Source code for cdm_reader_mapper.cdm_mapper.utils.utilities

"""Utility function for reading and writing CDM tables."""

from __future__ import annotations
from collections.abc import Iterable
from typing import Any

from .. import properties



[docs]
def dict_to_tuple_list(dic: dict[Any, Any]) -> list[tuple[Any, Any]]:
    """
    Convert a dictionary with scalar or list values into a list of (key, value) tuples.

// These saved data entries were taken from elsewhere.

lemma outranks_trans: "outranks s rk g f \<Longrightarrow> outranks s rk f e \<Longrightarrow> outranks s rk g e"
  unfolding outranks_def by auto

lemma outranks_irrefl: "\<not> outranks s rk e e"
  unfolding outranks_def by auto

lemma outranks_total:
  assumes "inj_on rk S" "e \<in> S" "f \<in> S" "e \<noteq> f"
  shows "outranks s rk e f \<or> outranks s rk f e"
proof -
  have "rk e \<noteq> rk f" using assms inj_on_eq_iff by metis
  then show ?thesis unfolding outranks_def by auto
qed

lemma outranks_cong: "s' e = s e \<Longrightarrow> s' f = s f \<Longrightarrow> outranks s' rk e f = outranks s rk e f"
  unfolding outranks_def by simp

lemma rank_less_rank:
  assumes "finite S" "f \<in> S" "outranks s rk f e"
  shows "rank s rk S f < rank s rk S e"
  unfolding rank_def
proof (rule psubset_card_mono)
  show "{g \<in> S. outranks s rk g f} \<subset> {g \<in> S. outranks s rk g e}"
    using assms outranks_trans[of s rk _ f e] outranks_irrefl[of s rk f] by blast
qed (use assms in simp)

lemma rank_less_card: "finite S \<Longrightarrow> e \<in> S \<Longrightarrow> rank s rk S e < card S"
  unfolding rank_def using outranks_irrefl[of s rk e] by (intro psubset_card_mono) auto
(* Let $X$ be a Euclidean polyhedral space, $U\subset X$ open, and $\Pi$ a polyhedral complex on $X$ such that $\Pi|_U$ is finite. Then there is a strongly concave piecewise affine function $f$ on $X$ such that $S(\Pi,f)|_U$ is finite and $f$ is strictly concave on $S(\Pi,f)|_U$. In particular, $S(\Pi,f)$ is a subdivision of $\Pi$ that is regular on $U$.
   Context: Polyhedral spaces. Let $X$ be a second countable topological space. A polyhedral structure $\Pi$ on $X$ is a locally finite covering of $X$ by distinct closed subsets $\sigma$ (polyhedra), each with a finite-dimensional vector space $M_\sigma$ of continuous real functions on $\sigma$ such that, with $N_\sigma=\operatorname{Hom}(M_\sigma,\mathbb{R})$, the evaluation map $\phi_\sigma\colon\sigma\to N_\sigma$ is a homeomorphism onto a full-dimensional convex polyhedron of an affine hyperplane of $N_\sigma$ not containing $0$. Faces of $\sigma$ are preimages of faces of $\phi_\sigma(\sigma)$ (including the empty face); every face of a polyhedron is a polyhedron of $\Pi$ with function space the restrictions of $M_\sigma$; any two polyhedra meet in a common face. Each polyhedron thus has an affine structure, dimension, facets, relative interior. $\Pi'$ subdivides $\Pi$ if each polyhedron of $\Pi'$ lies in one of $\Pi$ with affine inclusion; structures are equivalent if they have a common subdivision. A polyhedral space is $X$ with an equivalence class of structures; a polyhedral complex on $X$ is a member of the class. $\tau\prec\sigma$ means $\tau$ is a face of $\sigma$. A Euclidean polyhedral space is a polyhedral space $X$ with a finite-dimensional Euclidean vector space $N_X$ and a map $\iota\colon X\to N_X$ with image in an affine hyperplane $H_X\not\ni0$ such that some polyhedral complex has $\iota$ injective and affine on each polyhedron; only such complexes are considered. For a nonempty facet $\tau$ of $\sigma$, $v_{\sigma\setminus\tau}$ is the unit vector orthogonal to the affine span of $\iota(\tau)$, parallel to that of $\iota(\sigma)$, pointing towards $\iota(\sigma)$. For $V$ open, $\Pi|_V$ is the set of polyhedra of $\Pi$ meeting $V$, $\Pi|_V(k)$ those of dimension $k$. A $k$-dimensional weight $c\colon\Pi|_V(k)\to\mathbb{R}$ is positive if $c\ge0$, a Minkowski weight if $\sum_{\sigma\in\Pi|_V(k),\sigma\succ\tau}c(\sigma)v_{\sigma\setminus\tau}=0$ for all $\tau\in\Pi|_V(k-1)$; $M^+_k(\Pi|_V)$ denotes positive Minkowski weights. A piecewise affine function on $V$ defined on $\Pi$ is $f\colon V\to\mathbb{R}$ affine on each $\sigma\cap V$, $\sigma\in\Pi|_V$; write $f=f_\sigma\circ\iota$ there with $f_\sigma$ linear; $(f\cdot c)(\tau)=-\sum_{\sigma\in\Pi|_V(k),\sigma\succ\tau}c(\sigma)f_\sigma(v_{\sigma\setminus\tau})$. A piecewise affine $f$ on $X$ is strongly concave if $f=f'\circ\iota$ for some $f'\colon H_X\to\mathbb{R}\cup\{\pm\infty\}$ whose hypograph is convex. Strict concavity and regularity: a piecewise affine $f$ on $U$ is strictly concave on $\Pi|_U$ if it is defined on $\Pi$ and for every integer $k$, every $\tau\in\Pi|_U(k)$, every open $V\subset U$ with $V\cap\tau\ne\emptyset$ and every $c\in M^+_{k+1}(\Pi|_V)$ with $c(\sigma)>0$ for some $\sigma\in\Pi|_V(k+1)$, $\sigma\succ\tau$, one has $(f\cdot c)(\tau)>0$. $\Pi$ is regular on $U$ if there is such an $f$. $S(\Pi,f)$: for a piecewise affine $f$ whose restriction to each polyhedron of $\Pi$ is concave, $S(\Pi,f)=\bigcup_{\sigma\in\Pi}\Pi(f|_\sigma)$, where $\Pi(f|_\sigma)$ is the set of subsets $\rho\subset\sigma$ for which some affine function $\ell$ on $\sigma$ satisfies $f=\ell$ on $\rho$ and $f<\ell$ on $\sigma\setminus\rho$. *)

theory Defs
  imports "HOL-Analysis.Analysis"
begin

text \<open>Euclidean polyhedral spaces, modelled through the map iota into the
Euclidean space N_X (type 'v). Polyhedra are subsets of the topological
space X; their affine structure is the one pulled back along iota.\<close>

definition hyperplane_off_origin :: "'v::euclidean_space set \<Rightarrow> bool" where
  "hyperplane_off_origin H \<longleftrightarrow> (\<exists>a b. a \<noteq> 0 \<and> b \<noteq> 0 \<and> H = {y. a \<bullet> y = b})"

definition pface :: "('a \<Rightarrow> 'v::euclidean_space) \<Rightarrow> 'a set \<Rightarrow> 'a set \<Rightarrow> bool" where
  "pface \<iota> \<tau> \<sigma> \<longleftrightarrow> \<tau> \<subseteq> \<sigma> \<and> (\<iota> ` \<tau>) face_of (\<iota> ` \<sigma>)"

definition pdim :: "('a \<Rightarrow> 'v::euclidean_space) \<Rightarrow> 'a set \<Rightarrow> int" where
  "pdim \<iota> \<sigma> = aff_dim (\<iota> ` \<sigma>)"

    If a value is a list, each item in the list will produce its own tuple.
    If a value is a scalar, a single tuple is produced.

    Parameters
    ----------
    dic : dict
        Dictionary containing keys and values. Values may be scalars or lists.

    Returns
    -------
    list of tuple
        List of (key, value) tuples. If a dictionary value is a list,
        each list item becomes a separate tuple.

    Examples
    --------
    >>> dict_to_tuple_list({"A": [1, 2], "B": 3})
    [('A', 1), ('A', 2), ('B', 3)]
    """
    tuple_list: list[tuple[Any, Any]] = []
    for key, value in dic.items():
        if isinstance(value, list):
            tuple_list.extend((key, item) for item in value)
        else:
            tuple_list.append((key, value))

    return tuple_list




[docs]
def get_cdm_subset(cdm_subset: str | Iterable[str] | None) -> list[str]:
    """
    Normalize and validate a CDM subset specification.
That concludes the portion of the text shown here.